lemma nn_integral_std_normal_return_leverage:
  fixes y z r lam b c \<gamma> :: real
  assumes y: "y \<ge> 0" and c: "1 - 2 * c > 0"
  defines "X \<equiv> z * lam + b + ((1/2) * z\<^sup>2 + \<gamma>\<^sup>2 * c - 2 * c * \<gamma> * z) / (1 - 2 * c)"
  shows "(\<integral>\<^sup>+x. ennreal (exp (z * r + (z * lam + b) * y + z * sqrt y * x + c * (x - \<gamma> * sqrt y)\<^sup>2))
            \<partial>density lborel std_normal_density)
       = ennreal (exp (z * r - ln (1 - 2 * c) / 2 + X * y))"
proof -
  define s where "s = sqrt y"
  have s: "s \<ge> 0" "y = s\<^sup>2" using y by (simp_all add: s_def)
  define b' where "b' = s * (z - 2 * c * \<gamma>)"
  define K where "K = z * r + (z * lam + b) * y + c * \<gamma>\<^sup>2 * y"
  have exponent: "z * r + (z * lam + b) * y + z * sqrt y * x + c * (x - \<gamma> * sqrt y)\<^sup>2 = K + (b' * x + c * x\<^sup>2)" for x
    unfolding K_def b'_def s_def[symmetric] s(2) using s(1) by (simp add: power2_eq_square algebra_simps)
  have "K + b'\<^sup>2 / (2 * (1 - 2 * c)) = z * r + X * y"
  proof -
    define D where "D = 1 - 2 * c"
    have D: "D > 0" using c by (simp add: D_def)
    have c_eq: "c = (1 - D) / 2" by (simp add: D_def)
    have b'_sq: "b'\<^sup>2 = y * (z - 2 * c * \<gamma>)\<^sup>2" unfolding b'_def s(2) by (simp add: power_mult_distrib)
    show ?thesis
      unfolding K_def X_def b'_sq D_def[symmetric] unfolding c_eq using D by (simp add: field_simps power2_eq_square)
  qed
  then have "exp K * exp (b'\<^sup>2 / (2 * (1 - 2 * c)) - ln (1 - 2 * c) / 2) = exp (z * r - ln (1 - 2 * c) / 2 + X * y)"
    by (simp add: exp_add[symmetric] algebra_simps)
  moreover have "(\<integral>\<^sup>+x. ennreal (exp (z * r + (z * lam + b) * y + z * sqrt y * x + c * (x - \<gamma> * sqrt y)\<^sup>2))
            \<partial>density lborel std_normal_density)
      = (\<integral>\<^sup>+x. ennreal (std_normal_density x) * ennreal (exp (K + (b' * x + c * x\<^sup>2))) \<partial>lborel)"
    unfolding exponent by (rule nn_integral_density) auto
  moreover have "ennreal (std_normal_density x) * ennreal (exp (K + (b' * x + c * x\<^sup>2)))
      = ennreal (exp K) * ennreal (std_normal_density x * exp (b' * x + c * x\<^sup>2))" for x
    unfolding exp_add by (simp add: ennreal_mult[symmetric] normal_density_nonneg mult_ac)
  moreover have "(\<integral>\<^sup>+x. ennreal (exp K) * ennreal (std_normal_density x * exp (b' * x + c * x\<^sup>2)) \<partial>lborel)
      = ennreal (exp K) * ennreal (exp (b'\<^sup>2 / (2 * (1 - 2 * c)) - ln (1 - 2 * c) / 2))"
    using c by (simp add: nn_integral_cmult nn_integral_std_normal_exp_quadratic)
  ultimately show ?thesis by (simp add: ennreal_mult[symmetric])
qed

lemma nn_integral_gamma_density_exp:
  fixes a \<theta> X :: real
  assumes a: "a > 0" and \<theta>: "\<theta> > 0" and X: "\<theta> * X < 1"
  shows "(\<integral>\<^sup>+x. ennreal (indicator {0<..} x * ((x / \<theta>) powr (a - 1) * exp (- x / \<theta>) / (Gamma a * \<theta>))
                      * exp (X * x)) \<partial>lborel)
       = ennreal ((1 - \<theta> * X) powr (- a))"
proof -
  define D where "D = 1 - \<theta> * X"
  have D: "D > 0" using X by (simp add: D_def)
  define c where "c = \<theta> / D"
  have c: "c > 0" using D \<theta> by (simp add: c_def)
  have G: "Gamma a > 0" using a by (simp add: Gamma_real_pos)
  define f where "f x = ennreal (indicator {0<..} x * ((x / \<theta>) powr (a - 1) * exp (- x / \<theta>) / (Gamma a * \<theta>))
                                 * exp (X * x))" for x
  have f_meas[measurable]: "f \<in> borel_measurable borel" unfolding f_def by measurable
  have scaled: "ennreal c * f (c * x)
      = ennreal (1 / (Gamma a * D powr a)) * ennreal (indicator {0..} x * x powr (a - 1) / exp x)" for x
  proof (cases "x > 0")
    case True
    have "- (c * x) / \<theta> + X * (c * x) = - x * (1 - \<theta> * X) / D"
      using \<theta> D by (simp add: c_def field_simps)
    then have "exp (- (c * x) / \<theta>) * exp (X * (c * x)) = exp (- x)"
      using D by (simp add: D_def[symmetric] exp_add[symmetric])
    moreover have "(c * x / \<theta>) powr (a - 1) = x powr (a - 1) / D powr (a - 1)"
      using \<theta> D by (simp add: c_def powr_divide)
    moreover have "D powr a = D powr (a - 1) * D" using D by (simp add: powr_diff)
    ultimately have "c * ((c * x / \<theta>) powr (a - 1) * exp (- (c * x) / \<theta>) / (Gamma a * \<theta>) * exp (X * (c * x)))
        = 1 / (Gamma a * D powr a) * (x powr (a - 1) / exp x)"
      using \<theta> D G by (simp add: c_def exp_minus field_simps)
    then show ?thesis
      using True c G D by (simp add: f_def ennreal_mult'[symmetric] ennreal_mult[symmetric])
  next
    case False
    then show ?thesis using c by (cases "x = 0") (auto simp: f_def indicator_def zero_less_mult_iff)
  qed
  have "(\<integral>\<^sup>+x. f x \<partial>lborel) = ennreal \<bar>c\<bar> * (\<integral>\<^sup>+x. f (0 + c * x) \<partial>lborel)"
    by (rule nn_integral_real_affine[OF f_meas]) (use c in simp)
  also have "\<dots> = (\<integral>\<^sup>+x. ennreal c * f (c * x) \<partial>lborel)"
    using c by (simp add: nn_integral_cmult)
  also have "\<dots> = ennreal (1 / (Gamma a * D powr a)) * ennreal (Gamma a)"
    by (simp add: scaled nn_integral_cmult Gamma_conv_nn_integral_real[OF a])
  also have "\<dots> = ennreal (D powr (- a))"
    using G D by (simp add: ennreal_mult[symmetric] powr_minus field_simps)
  finally show ?thesis by (simp add: f_def D_def)
qed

________

TRY IT: Output the full listing again, exactly as it stands above.

EXPECTED OUTPUT:
lemma nn_integral_std_normal_return_leverage:
  fixes y z r lam b c \<gamma> :: real
  assumes y: "y \<ge> 0" and c: "1 - 2 * c > 0"
  defines "X \<equiv> z * lam + b + ((1/2) * z\<^sup>2 + \<gamma>\<^sup>2 * c - 2 * c * \<gamma> * z) / (1 - 2 * c)"
  shows "(\<integral>\<^sup>+x. ennreal (exp (z * r + (z * lam + b) * y + z * sqrt y * x + c * (x - \<gamma> * sqrt y)\<^sup>2))
            \<partial>density lborel std_normal_density)
       = ennreal (exp (z * r - ln (1 - 2 * c) / 2 + X * y))"
proof -
  define s where "s = sqrt y"
  have s: "s \<ge> 0" "y = s\<^sup>2" using y by (simp_all add: s_def)
  define b' where "b' = s * (z - 2 * c * \<gamma>)"
  define K where "K = z * r + (z * lam + b) * y + c * \<gamma>\<^sup>2 * y"
  have exponent: "z * r + (z * lam + b) * y + z * sqrt y * x + c * (x - \<gamma> * sqrt y)\<^sup>2 = K + (b' * x + c * x\<^sup>2)" for x
    unfolding K_def b'_def s_def[symmetric] s(2) using s(1) by (simp add: power2_eq_square algebra_simps)
  have "K + b'\<^sup>2 / (2 * (1 - 2 * c)) = z * r + X * y"
  proof -
    define D where "D = 1 - 2 * c"
    have D: "D > 0" using c by (simp add: D_def)
    have c_eq: "c = (1 - D) / 2" by (simp add: D_def)
    have b'_sq: "b'\<^sup>2 = y * (z - 2 * c * \<gamma>)\<^sup>2" unfolding b'_def s(2) by (simp add: power_mult_distrib)
    show ?thesis
      unfolding K_def X_def b'_sq D_def[symmetric] unfolding c_eq using D by (simp add: field_simps power2_eq_square)
  qed
  then have "exp K * exp (b'\<^sup>2 / (2 * (1 - 2 * c)) - ln (1 - 2 * c) / 2) = exp (z * r - ln (1 - 2 * c) / 2 + X * y)"
    by (simp add: exp_add[symmetric] algebra_simps)
  moreover have "(\<integral>\<^sup>+x. ennreal (exp (z * r + (z * lam + b) * y + z * sqrt y * x + c * (x - \<gamma> * sqrt y)\<^sup>2))
            \<partial>density lborel std_normal_density)
      = (\<integral>\<^sup>+x. ennreal (std_normal_density x) * ennreal (exp (K + (b' * x + c * x\<^sup>2))) \<partial>lborel)"
    unfolding exponent by (rule nn_integral_density) auto
  moreover have "ennreal (std_normal_density x) * ennreal (exp (K + (b' * x + c * x\<^sup>2)))
      = ennreal (exp K) * ennreal (std_normal_density x * exp (b' * x + c * x\<^sup>2))" for x
    unfolding exp_add by (simp add: ennreal_mult[symmetric] normal_density_nonneg mult_ac)
  moreover have "(\<integral>\<^sup>+x. ennreal (exp K) * ennreal (std_normal_density x * exp (b' * x + c * x\<^sup>2)) \<partial>lborel)
      = ennreal (exp K) * ennreal (exp (b'\<^sup>2 / (2 * (1 - 2 * c)) - ln (1 - 2 * c) / 2))"
    using c by (simp add: nn_integral_cmult nn_integral_std_normal_exp_quadratic)
  ultimately show ?thesis by (simp add: ennreal_mult[symmetric])
qed

lemma nn_integral_gamma_density_exp:
  fixes a \<theta> X :: real
  assumes a: "a > 0" and \<theta>: "\<theta> > 0" and X: "\<theta> * X < 1"
  shows "(\<integral>\<^sup>+x. ennreal (indicator {0<..} x * ((x / \<theta>) powr (a - 1) * exp (- x / \<theta>) / (Gamma a * \<theta>))
                      * exp (X * x)) \<partial>lborel)
       = ennreal ((1 - \<theta> * X) powr (- a))"
proof -
  define D where "D = 1 - \<theta> * X"
  have D: "D > 0" using X by (simp add: D_def)
  define c where "c = \<theta> / D"
  have c: "c > 0" using D \<theta> by (simp add: c_def)
  have G: "Gamma a > 0" using a by (simp add: Gamma_real_pos)
  define f where "f x = ennreal (indicator {0<..} x * ((x / \<theta>) powr (a - 1) * exp (- x / \<theta>) / (Gamma a * \<theta>))
                                 * exp (X * x))" for x
  have f_meas[measurable]: "f \<in> borel_measurable borel" unfolding f_def by measurable
  have scaled: "ennreal c * f (c * x)
      = ennreal (1 / (Gamma a * D powr a)) * ennreal (indicator {0..} x * x powr (a - 1) / exp x)" for x
  proof (cases "x > 0")
    case True
    have "- (c * x) / \<theta> + X * (c * x) = - x * (1 - \<theta> * X) / D"
      using \<theta> D by (simp add: c_def field_simps)
    then have "exp (- (c * x) / \<theta>) * exp (X * (c * x)) = exp (- x)"
      using D by (simp add: D_def[symmetric] exp_add[symmetric])
    moreover have "(c * x / \<theta>) powr (a - 1) = x powr (a - 1) / D powr (a - 1)"
      using \<theta> D by (simp add: c_def powr_divide)
    moreover have "D powr a = D powr (a - 1) * D" using D by (simp add: powr_diff)
    ultimately have "c * ((c * x / \<theta>) powr (a - 1) * exp (- (c * x) / \<theta>) / (Gamma a * \<theta>) * exp (X * (c * x)))
        = 1 / (Gamma a * D powr a) * (x powr (a - 1) / exp x)"
      using \<theta> D G by (simp add: c_def exp_minus field_simps)
    then show ?thesis
      using True c G D by (simp add: f_def ennreal_mult'[symmetric] ennreal_mult[symmetric])
  next
    case False
    then show ?thesis using c by (cases "x = 0") (auto simp: f_def indicator_def zero_less_mult_iff)
  qed
  have "(\<integral>\<^sup>+x. f x \<partial>lborel) = ennreal \<bar>c\<bar> * (\<integral>\<^sup>+x. f (0 + c * x) \<partial>lborel)"
    by (rule nn_integral_real_affine[OF f_meas]) (use c in simp)
  also have "\<dots> = (\<integral>\<^sup>+x. ennreal c * f (c * x) \<partial>lborel)"
    using c by (simp add: nn_integral_cmult)
  also have "\<dots> = ennreal (1 / (Gamma a * D powr a)) * ennreal (Gamma a)"
    by (simp add: scaled nn_integral_cmult Gamma_conv_nn_integral_real[OF a])
  also have "\<dots> = ennreal (D powr (- a))"
    using G D by (simp add: ennreal_mult[symmetric] powr_minus field_simps)
  finally show ?thesis by (simp add: f_def D_def)
qed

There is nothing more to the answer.